Introduction: Endothelial colony-forming cells (ECFCs) significantly improve tissue repair by providing regeneration potential within injured cardiovascular tissue. However, ECFC transplantation into ischemic tissue exhibits limited therapeutic efficacy due to poor engraftment in vivo. We established an adequate ex vivo expansion protocol and identified novel modulators that enhance functional bioactivities of ECFCs.
Methods: To augment the regenerative potential of ECFCs, functional bioactivities of hypoxia-preconditioned ECFCs (hypo-ECFCs) were examined.
Results: Phosphorylations of the JAK2/STAT3 pathway and clonogenic proliferation were enhanced by short-term ECFC culturing under hypoxia, whereas siRNA-targeting of STAT3 significantly reduced these activities.

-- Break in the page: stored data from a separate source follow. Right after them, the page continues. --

(* Let $G$ be a cograph, let $(T,t)$ be an arbitrary binary cotree of $G$, and let $\sigma$ be a greedy coloring of $G$. Then $\sigma$ is an hc-coloring with respect to $(T,t)$.
   Context: All graphs are finite, simple and undirected. A (proper vertex) coloring of $G=(V,E)$ is a surjective map $\sigma:V\to S$ with $\sigma(x)\neq\sigma(y)$ whenever $xy\in E$. A greedy coloring is a coloring $\sigma:V\to S$ for which there exist a linear order on $S$ and an ordering of $V$ such that processing the vertices in that order, each vertex receives the smallest color of $S$ not already assigned to one of its previously processed neighbors. A cograph is a graph that is $K_1$, or a disjoint union of cographs, or a join of cographs. A cotree $(T,t)$ of a cograph $G$ is a rooted tree $T$ with leaf set $V$ and a labeling $t:V^0(T)\to\{0,1\}$ of its inner vertices such that for every inner vertex $u$, $G(u):=G[L(T(u))]$ (with $L(T(u))$ the leaves descending from $u$) is the disjoint union (if $t(u)=0$) or the join (if $t(u)=1$) of the graphs $G(v)$, $v$ a child of $u$. It is binary if every inner vertex has exactly two children. A coloring $\sigma$ is an hc-coloring with respect to a binary cotree $(T,t)$ if for every inner vertex $u$ with children $v_1,v_2$: if $t(u)=1$ then $\sigma(L(T(v_1)))\cap\sigma(L(T(v_2)))=\emptyset$, and if $t(u)=0$ then one of $\sigma(L(T(v_1)))$, $\sigma(L(T(v_2)))$ contains the other. *)

theory Defs
  imports Main
begin

type_synonym 'a graph = "'a set \<times> 'a set set"

definition simple_graph :: "'a graph \<Rightarrow> bool" where
  "simple_graph G \<longleftrightarrow> finite (fst G) \<and>
     (\<forall>e\<in>snd G. \<exists>x y. x \<noteq> y \<and> x \<in> fst G \<and> y \<in> fst G \<and> e = {x, y})"

definition induced :: "'a graph \<Rightarrow> 'a set \<Rightarrow> 'a graph" where
  "induced G S = (S, {e \<in> snd G. e \<subseteq> S})"

text \<open>Disjoint union and join of two graphs (on disjoint vertex sets).\<close>
definition gunion :: "'a graph \<Rightarrow> 'a graph \<Rightarrow> 'a graph" where
  "gunion G1 G2 = (fst G1 \<union> fst G2, snd G1 \<union> snd G2)"

definition gjoin :: "'a graph \<Rightarrow> 'a graph \<Rightarrow> 'a graph" where
  "gjoin G1 G2 = (fst G1 \<union> fst G2,
     snd G1 \<union> snd G2 \<union> {{x, y} | x y. x \<in> fst G1 \<and> y \<in> fst G2})"

inductive cograph :: "'a graph \<Rightarrow> bool" where
  K1: "cograph ({v}, {})"
| union: "cograph G1 \<Longrightarrow> cograph G2 \<Longrightarrow> fst G1 \<inter> fst G2 = {} \<Longrightarrow> cograph (gunion G1 G2)"
| join: "cograph G1 \<Longrightarrow> cograph G2 \<Longrightarrow> fst G1 \<inter> fst G2 = {} \<Longrightarrow> cograph (gjoin G1 G2)"

text \<open>Binary rooted trees with leaves labelled by vertices; inner vertices carry the
  label t(u): True means t(u) = 1 (join), False means t(u) = 0 (disjoint union).\<close>
datatype 'a cotree = Leaf 'a | Inner bool "'a cotree" "'a cotree"

fun leaves :: "'a cotree \<Rightarrow> 'a set" where
  "leaves (Leaf x) = {x}"
| "leaves (Inner b l r) = leaves l \<union> leaves r"

fun cotree_ok :: "'a graph \<Rightarrow> 'a cotree \<Rightarrow> bool" where
  "cotree_ok G (Leaf x) = True"
| "cotree_ok G (Inner b l r) \<longleftrightarrow>
     leaves l \<inter> leaves r = {} \<and>
     induced G (leaves l \<union> leaves r) =
       (if b then gjoin (induced G (leaves l)) (induced G (leaves r))
        else gunion (induced G (leaves l)) (induced G (leaves r))) \<and>
     cotree_ok G l \<and> cotree_ok G r"

definition binary_cotree :: "'a graph \<Rightarrow> 'a cotree \<Rightarrow> bool" where
  "binary_cotree G T \<longleftrightarrow> leaves T = fst G \<and> cotree_ok G T"

text \<open>Proper coloring; the color set is S = sigma ` V (so sigma is surjective onto S).\<close>
definition proper_coloring :: "'a graph \<Rightarrow> ('a \<Rightarrow> 'c) \<Rightarrow> bool" where
  "proper_coloring G \<sigma> \<longleftrightarrow> (\<forall>x y. {x, y} \<in> snd G \<longrightarrow> \<sigma> x \<noteq> \<sigma> y)"

definition greedy_coloring :: "'a graph \<Rightarrow> ('a \<Rightarrow> 'c) \<Rightarrow> bool" where
  "greedy_coloring G \<sigma> \<longleftrightarrow> proper_coloring G \<sigma> \<and>
     (\<exists>r vs. linear_order_on (\<sigma> ` fst G) r \<and> distinct vs \<and> set vs = fst G \<and>
       (\<forall>i < length vs.
          let used = {\<sigma> (vs ! j) | j. j < i \<and> {vs ! j, vs ! i} \<in> snd G} in
          \<sigma> (vs ! i) \<notin> used \<and>
          (\<forall>s \<in> \<sigma> ` fst G. (s, \<sigma> (vs ! i)) \<in> r \<and> s \<noteq> \<sigma> (vs ! i) \<longrightarrow> s \<in> used)))"

fun hc_coloring :: "'a cotree \<Rightarrow> ('a \<Rightarrow> 'c) \<Rightarrow> bool" where
  "hc_coloring (Leaf x) \<sigma> = True"
| "hc_coloring (Inner b l r) \<sigma> \<longleftrightarrow>
     (if b then \<sigma> ` leaves l \<inter> \<sigma> ` leaves r = {}
      else (\<sigma> ` leaves l \<subseteq> \<sigma> ` leaves r \<or> \<sigma> ` leaves r \<subseteq> \<sigma> ` leaves l)) \<and>
     hc_coloring l \<sigma> \<and> hc_coloring r \<sigma>"

end

theory Submission
  imports Defs
begin

text \<open>A greedy coloring has the Grundy property: every vertex sees all colors below its own.
  For a disjoint-union node with children A and B, pick x \<in> A and y \<in> B whose colors are
  missing on the other side, say \<sigma> x < \<sigma> y. Then y has a neighbour w of color \<sigma> x; w lies
  neither in A (no edges between A and B) nor in B (\<sigma> x is missing there). Since the leaf set
  of every cotree node is a module, w is adjacent to x as well, contradicting properness.
  At a join node the two color sets are disjoint simply because the coloring is proper.\<close>

definition sees_smaller_colors :: "'a graph \<Rightarrow> ('a \<Rightarrow> 'c) \<Rightarrow> 'c rel \<Rightarrow> bool" where
  "sees_smaller_colors G \<sigma> r \<longleftrightarrow>
     (\<forall>v \<in> fst G. \<forall>s \<in> \<sigma> ` fst G. (s, \<sigma> v) \<in> r \<and> s \<noteq> \<sigma> v \<longrightarrow>
        (\<exists>w. {w, v} \<in> snd G \<and> \<sigma> w = s))"

definition is_module :: "'a graph \<Rightarrow> 'a set \<Rightarrow> bool" where
  "is_module G M \<longleftrightarrow>
     (\<forall>z \<in> fst G - M. (\<forall>y \<in> M. {z, y} \<in> snd G) \<or> (\<forall>y \<in> M. {z, y} \<notin> snd G))"

lemma greedy_coloring_sees_smaller_colors:
  assumes "greedy_coloring G \<sigma>"
  obtains r where "linear_order_on (\<sigma> ` fst G) r" "sees_smaller_colors G \<sigma> r"
proof -
  obtain r vs where lin: "linear_order_on (\<sigma> ` fst G) r" and vs: "set vs = fst G"
    and first_fit: "\<forall>i < length vs.
       let used = {\<sigma> (vs ! j) | j. j < i \<and> {vs ! j, vs ! i} \<in> snd G} in
       \<sigma> (vs ! i) \<notin> used \<and>
       (\<forall>s \<in> \<sigma> ` fst G. (s, \<sigma> (vs ! i)) \<in> r \<and> s \<noteq> \<sigma> (vs ! i) \<longrightarrow> s \<in> used)"
    using assms unfolding greedy_coloring_def by auto
  have "sees_smaller_colors G \<sigma> r"
    unfolding sees_smaller_colors_def
  proof (intro ballI impI)
    fix v s assume "v \<in> fst G" "s \<in> \<sigma> ` fst G" "(s, \<sigma> v) \<in> r \<and> s \<noteq> \<sigma> v"
    moreover obtain i where "i < length vs" "vs ! i = v"
      using \<open>v \<in> fst G\<close> vs by (metis in_set_conv_nth)
    ultimately have "s \<in> {\<sigma> (vs ! j) | j. j < i \<and> {vs ! j, v} \<in> snd G}"
      using first_fit unfolding Let_def by auto
    then show "\<exists>w. {w, v} \<in> snd G \<and> \<sigma> w = s" by auto
  qed
  with lin show thesis by (rule that)
qed

lemma cotree_ok_Inner_edge_iff:
  assumes "cotree_ok G (Inner b l r)" "x \<in> leaves l" "y \<in> leaves r"
  shows "{x, y} \<in> snd G \<longleftrightarrow> b"
proof -
  let ?L = "induced G (leaves l)" and ?R = "induced G (leaves r)"
  have disjoint: "leaves l \<inter> leaves r = {}"
    and split: "induced G (leaves l \<union> leaves r) = (if b then gjoin ?L ?R else gunion ?L ?R)"
    using assms(1) by simp_all
  have xy: "{x, y} \<subseteq> leaves l \<union> leaves r" "\<not> {x, y} \<subseteq> leaves l" "\<not> {x, y} \<subseteq> leaves r"
    using assms(2,3) disjoint by auto
  show ?thesis
  proof (cases b)
    case True
    have "{x, y} \<in> snd (gjoin ?L ?R)"
      using assms(2,3) unfolding gjoin_def induced_def by auto
    then have "{x, y} \<in> snd (induced G (leaves l \<union> leaves r))"
      using split True by simp
    with True show ?thesis unfolding induced_def by simp
  next
    case False
    have "{x, y} \<notin> snd (gunion ?L ?R)"
      using xy unfolding gunion_def induced_def by auto
    then have "{x, y} \<notin> snd (induced G (leaves l \<union> leaves r))"
      using split False by simp
    with False xy show ?thesis unfolding induced_def by simp
  qed
qed

lemma is_module_subset:
  assumes module: "is_module G M" and "N \<subseteq> M"
    and inside: "\<And>z. z \<in> M - N \<Longrightarrow> (\<forall>y \<in> N. {z, y} \<in> snd G) \<or> (\<forall>y \<in> N. {z, y} \<notin> snd G)"
  shows "is_module G N"
  unfolding is_module_def
proof
  fix z assume z: "z \<in> fst G - N"
  show "(\<forall>y \<in> N. {z, y} \<in> snd G) \<or> (\<forall>y \<in> N. {z, y} \<notin> snd G)"
  proof (cases "z \<in> M")
    case True
    with z have "z \<in> M - N" by simp
    then show ?thesis by (rule inside)
  next
    case False
    with z module have "(\<forall>y \<in> M. {z, y} \<in> snd G) \<or> (\<forall>y \<in> M. {z, y} \<notin> snd G)"
      unfolding is_module_def by simp
    with \<open>N \<subseteq> M\<close> show ?thesis by blast
  qed
qed

lemma is_module_children:
  assumes ok: "cotree_ok G (Inner b l r)" and module: "is_module G (leaves (Inner b l r))"
  shows "is_module G (leaves l)" "is_module G (leaves r)"
proof -
  have edge_iff: "{x, y} \<in> snd G \<longleftrightarrow> b" "{y, x} \<in> snd G \<longleftrightarrow> b"
    if "x \<in> leaves l" "y \<in> leaves r" for x y
    using cotree_ok_Inner_edge_iff[OF ok that] by (simp_all add: insert_commute)
  show "is_module G (leaves l)"
  proof (rule is_module_subset[OF module])
    fix z assume "z \<in> leaves (Inner b l r) - leaves l"
    then have "z \<in> leaves r" by auto
    then show "(\<forall>y \<in> leaves l. {z, y} \<in> snd G) \<or> (\<forall>y \<in> leaves l. {z, y} \<notin> snd G)"
      using edge_iff(2) by blast
  qed simp
  show "is_module G (leaves r)"
  proof (rule is_module_subset[OF module])
    fix z assume "z \<in> leaves (Inner b l r) - leaves r"
    then have "z \<in> leaves l" by auto
    then show "(\<forall>y \<in> leaves r. {z, y} \<in> snd G) \<or> (\<forall>y \<in> leaves r. {z, y} \<notin> snd G)"
      using edge_iff(1) by blast
  qed simp
qed

lemma sees_smaller_color_across:
  assumes proper: "proper_coloring (V, E) \<sigma>" and simple: "simple_graph (V, E)"
    and sees: "sees_smaller_colors (V, E) \<sigma> r"
    and module: "is_module (V, E) (A \<union> B)" and AB: "A \<union> B \<subseteq> V"
    and no_edges: "\<And>a b. a \<in> A \<Longrightarrow> b \<in> B \<Longrightarrow> {a, b} \<notin> E"
    and x: "x \<in> A" and y: "y \<in> B" and below: "(\<sigma> x, \<sigma> y) \<in> r" "\<sigma> x \<noteq> \<sigma> y"
  shows "\<sigma> x \<in> \<sigma> ` B"
proof (rule ccontr)
  assume missing: "\<sigma> x \<notin> \<sigma> ` B"
  have "y \<in> V" "\<sigma> x \<in> \<sigma> ` V" using AB x y by auto
  with sees have "\<forall>s \<in> \<sigma> ` V. (s, \<sigma> y) \<in> r \<and> s \<noteq> \<sigma> y \<longrightarrow> (\<exists>w. {w, y} \<in> E \<and> \<sigma> w = s)"
    unfolding sees_smaller_colors_def by simp
  then obtain w where w: "{w, y} \<in> E" "\<sigma> w = \<sigma> x"
    using \<open>\<sigma> x \<in> \<sigma> ` V\<close> below by blast
  have "w \<in> V"
    using simple w(1) unfolding simple_graph_def by (metis doubleton_eq_iff fst_conv snd_conv)
  moreover have "w \<notin> A" using no_edges w(1) y by blast
  moreover have "w \<notin> B" using missing w(2) by (metis image_eqI)
  ultimately have "{w, x} \<in> E"
    using module w(1) x y unfolding is_module_def by auto
  with proper w(2) show False unfolding proper_coloring_def by auto
qed

lemma colors_nested_if_no_edges:
  assumes proper: "proper_coloring (V, E) \<sigma>" and simple: "simple_graph (V, E)"
    and sees: "sees_smaller_colors (V, E) \<sigma> r" and total: "total_on (\<sigma> ` V) r"
    and module: "is_module (V, E) (A \<union> B)" and "A \<union> B \<subseteq> V"
    and no_edges: "\<And>a b. a \<in> A \<Longrightarrow> b \<in> B \<Longrightarrow> {a, b} \<notin> E"
  shows "\<sigma> ` A \<subseteq> \<sigma> ` B \<or> \<sigma> ` B \<subseteq> \<sigma> ` A"
proof (rule ccontr)
  assume "\<not> ?thesis"
  then obtain x y where x: "x \<in> A" "\<sigma> x \<notin> \<sigma> ` B" and y: "y \<in> B" "\<sigma> y \<notin> \<sigma> ` A"
    by auto
  have "\<sigma> x \<noteq> \<sigma> y" using x y by blast
  moreover have "\<sigma> x \<in> \<sigma> ` V" "\<sigma> y \<in> \<sigma> ` V" using x y \<open>A \<union> B \<subseteq> V\<close> by auto
  ultimately have "(\<sigma> x, \<sigma> y) \<in> r \<or> (\<sigma> y, \<sigma> x) \<in> r"
    using total unfolding total_on_def by blast
  moreover have "is_module (V, E) (B \<union> A)" "B \<union> A \<subseteq> V"
    using module \<open>A \<union> B \<subseteq> V\<close> by (simp_all add: Un_commute)
  moreover have "{b, a} \<notin> E" if "b \<in> B" "a \<in> A" for a b
    using no_edges[OF that(2,1)] by (simp add: insert_commute)
  ultimately show False
    using sees_smaller_color_across[OF proper simple sees module \<open>A \<union> B \<subseteq> V\<close> no_edges x(1) y(1)]
      sees_smaller_color_across[OF proper simple sees, of B A y x] x y \<open>\<sigma> x \<noteq> \<sigma> y\<close> by auto
qed

lemma hc_coloring_if_module:
  assumes proper: "proper_coloring (V, E) \<sigma>" and simple: "simple_graph (V, E)"
    and sees: "sees_smaller_colors (V, E) \<sigma> r" and total: "total_on (\<sigma> ` V) r"
  shows "cotree_ok (V, E) S \<Longrightarrow> leaves S \<subseteq> V \<Longrightarrow> is_module (V, E) (leaves S) \<Longrightarrow>
    hc_coloring S \<sigma>"
proof (induction S)
  case (Leaf x)
  show ?case by simp
next
  case (Inner b l r')
  have edge_iff: "{y, z} \<in> E \<longleftrightarrow> b" if "y \<in> leaves l" "z \<in> leaves r'" for y z
    using cotree_ok_Inner_edge_iff[OF Inner.prems(1) that] by simp
  have "hc_coloring l \<sigma>" "hc_coloring r' \<sigma>"
    using Inner is_module_children[OF Inner.prems(1,3)] by auto
  moreover have "\<sigma> ` leaves l \<inter> \<sigma> ` leaves r' = {}" if b
    using edge_iff proper \<open>b\<close> unfolding proper_coloring_def by fastforce
  moreover have "\<sigma> ` leaves l \<subseteq> \<sigma> ` leaves r' \<or> \<sigma> ` leaves r' \<subseteq> \<sigma> ` leaves l" if "\<not> b"
    using colors_nested_if_no_edges[OF proper simple sees total] Inner.prems(2,3) edge_iff \<open>\<not> b\<close>
    by simp
  ultimately show ?case by simp
qed

theorem lemma5:
  fixes V :: "'a set" and E :: "'a set set" and T :: "'a cotree" and \<sigma> :: "'a \<Rightarrow> 'c"
  assumes "simple_graph (V, E)"
    and "cograph (V, E)"
    and "binary_cotree (V, E) T"
    and "greedy_coloring (V, E) \<sigma>"
  shows "hc_coloring T \<sigma>"
proof -
  obtain r where "linear_order_on (\<sigma> ` V) r" "sees_smaller_colors (V, E) \<sigma> r"
    using greedy_coloring_sees_smaller_colors[OF assms(4)] by auto
  moreover have "proper_coloring (V, E) \<sigma>"
    using assms(4) unfolding greedy_coloring_def by simp
  moreover have "cotree_ok (V, E) T" "leaves T = V"
    using assms(3) unfolding binary_cotree_def by auto
  moreover have "is_module (V, E) V"
    unfolding is_module_def by simp
  ultimately show ?thesis
    using hc_coloring_if_module[OF _ assms(1)] unfolding linear_order_on_def by auto
qed

end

Expression of BCL3, a target molecule of STAT3, was increased in hypo-ECFCs. Moreover, siRNA inhibition of BCL3 markedly reduced survival of ECFCs during hypoxic stress in vitro and ischemic stress in vivo. In a hindlimb ischemia model of ischemia, hypo-ECFC transplantation enhanced blood flow ratio, capillary density, transplanted cell proliferation and survival, and angiogenic cytokine secretion at ischemic sites.
Conclusions: Hypoxia preconditioning facilitates functional bioactivities of ECFCs by mediating regulation of the STAT3-BCL3 axis. Thus, a hypoxic preconditioned ex vivo expansion protocol triggers expansion and functional bioactivities of ECFCs via modulation of the hypoxia-induced STAT3-BCL3 axis, suggesting that hypo-ECFCs offer a therapeutic strategy for accelerated neovasculogenesis in ischemic diseases.